Which lines come from the start of the records through the line that holds "using successor_in_cycle set_C_subset"? Write them out word for word.

Dataset excerpts:

###

lemma has_induced_K2_kK1_if_nontrivial:
  assumes "card X \<noteq> 1" "k \<le> card attachments"
  shows "has_induced_copy (K2_kK1_V k) (K2_kK1_E k) V E"
proof -
  have "finite (V - set C)" using graph by (simp add: graph_def)
  then obtain x w where xw: "x \<in> X" "w \<in> X" "E x w"
    using is_component_has_edge[OF component _ assms(1)] by blast
  define succ where "succ i = C ! (Suc i mod length C)" for i
  have "inj_on succ attachments"
  proof (rule inj_onI)
    fix i j assume ij: "i \<in> attachments" "j \<in> attachments" "succ i = succ j"
    then have "i < length C" "j < length C" by (simp_all add: attachments_def)
    then have "Suc i mod length C < length C" "Suc j mod length C < length C"
      by (auto intro!: mod_less_divisor)
    then have "Suc i mod length C = Suc j mod length C"
      using ij(3) nth_eq_iff_index_eq[OF distinct_C] by (simp add: succ_def)
    with \<open>i < length C\<close> \<open>j < length C\<close>
    show "i = j" using inj_on_Suc_mod by (auto simp: inj_on_def)
  qed
  then have "card (succ ` attachments) = card attachments" by (rule card_image)
  show ?thesis
  proof (rule has_induced_K2_kK1[OF graph xw(3)])
    show "finite (succ ` attachments)" by (simp add: attachments_def)
    show "k \<le> card (succ ` attachments)" using \<open>card (succ ` attachments) = _\<close> assms(2) by simp
    show "succ ` attachments \<subseteq> V - {x, w}"
      using successor_in_cycle set_C_subset component_outside_cycle xw(1,2)
      unfolding succ_def by blast
  next
    fix u assume "u \<in> succ ` attachments"
    then show "\<not> E u x \<and> \<not> E u w"
      using successor_not_adjacent xw(1,2) unfolding succ_def by blast
  next
    fix u v assume "u \<in> succ ` attachments" "v \<in> succ ` attachments"
    then obtain i j where "i \<in> attachments" "j \<in> attachments" "u = succ i" "v = succ j" by blast
    then show "\<not> E u v"
      using successors_not_adjacent irrefl_E unfolding succ_def by (cases "i = j") auto
  qed
qed

end

theorem mainTheorem8:
  fixes V :: "'a set" and E :: "'a \<Rightarrow> 'a \<Rightarrow> bool" and k :: nat and C :: "'a list"
  assumes "k \<ge> 2"
    and "graph V E"
    and "k_connected k V E"
    and "R_free (K2_kK1_V k) (K2_kK1_E k) V E"
    and "longest_cycle V E C"
  shows "\<forall>X. is_component (V - set C) (induced_edges E (V - set C)) X \<longrightarrow> card X = 1"
\<comment> \<open>The argument does not use k \<ge> 2.\<close>
proof (intro allI impI)
  fix X
  assume "is_component (V - set C) (induced_edges E (V - set C)) X"
  then interpret longest_cycle_component V E C X
    using assms(2,5) by unfold_locales
  show "card X = 1"
  proof (rule ccontr)
    assume "card X \<noteq> 1"
    then have "has_induced_copy (K2_kK1_V k) (K2_kK1_E k) V E"
      using has_induced_K2_kK1_if_nontrivial card_attachments[OF assms(3)] by blast
    then show False using assms(4) by (simp add: R_free_def)
  qed
qed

###

## [OUTPUT FOR THIS EXERCISE]
lemma has_induced_K2_kK1_if_nontrivial:
  assumes "card X \<noteq> 1" "k \<le> card attachments"
  shows "has_induced_copy (K2_kK1_V k) (K2_kK1_E k) V E"
proof -
  have "finite (V - set C)" using graph by (simp add: graph_def)
  then obtain x w where xw: "x \<in> X" "w \<in> X" "E x w"
    using is_component_has_edge[OF component _ assms(1)] by blast
  define succ where "succ i = C ! (Suc i mod length C)" for i
  have "inj_on succ attachments"
  proof (rule inj_onI)
    fix i j assume ij: "i \<in> attachments" "j \<in> attachments" "succ i = succ j"
    then have "i < length C" "j < length C" by (simp_all add: attachments_def)
    then have "Suc i mod length C < length C" "Suc j mod length C < length C"
      by (auto intro!: mod_less_divisor)
    then have "Suc i mod length C = Suc j mod length C"
      using ij(3) nth_eq_iff_index_eq[OF distinct_C] by (simp add: succ_def)
    with \<open>i < length C\<close> \<open>j < length C\<close>
    show "i = j" using inj_on_Suc_mod by (auto simp: inj_on_def)
  qed
  then have "card (succ ` attachments) = card attachments" by (rule card_image)
  show ?thesis
  proof (rule has_induced_K2_kK1[OF graph xw(3)])
    show "finite (succ ` attachments)" by (simp add: attachments_def)
    show "k \<le> card (succ ` attachments)" using \<open>card (succ ` attachments) = _\<close> assms(2) by simp
    show "succ ` attachments \<subseteq> V - {x, w}"
      using successor_in_cycle set_C_subset component_outside_cycle xw(1,2)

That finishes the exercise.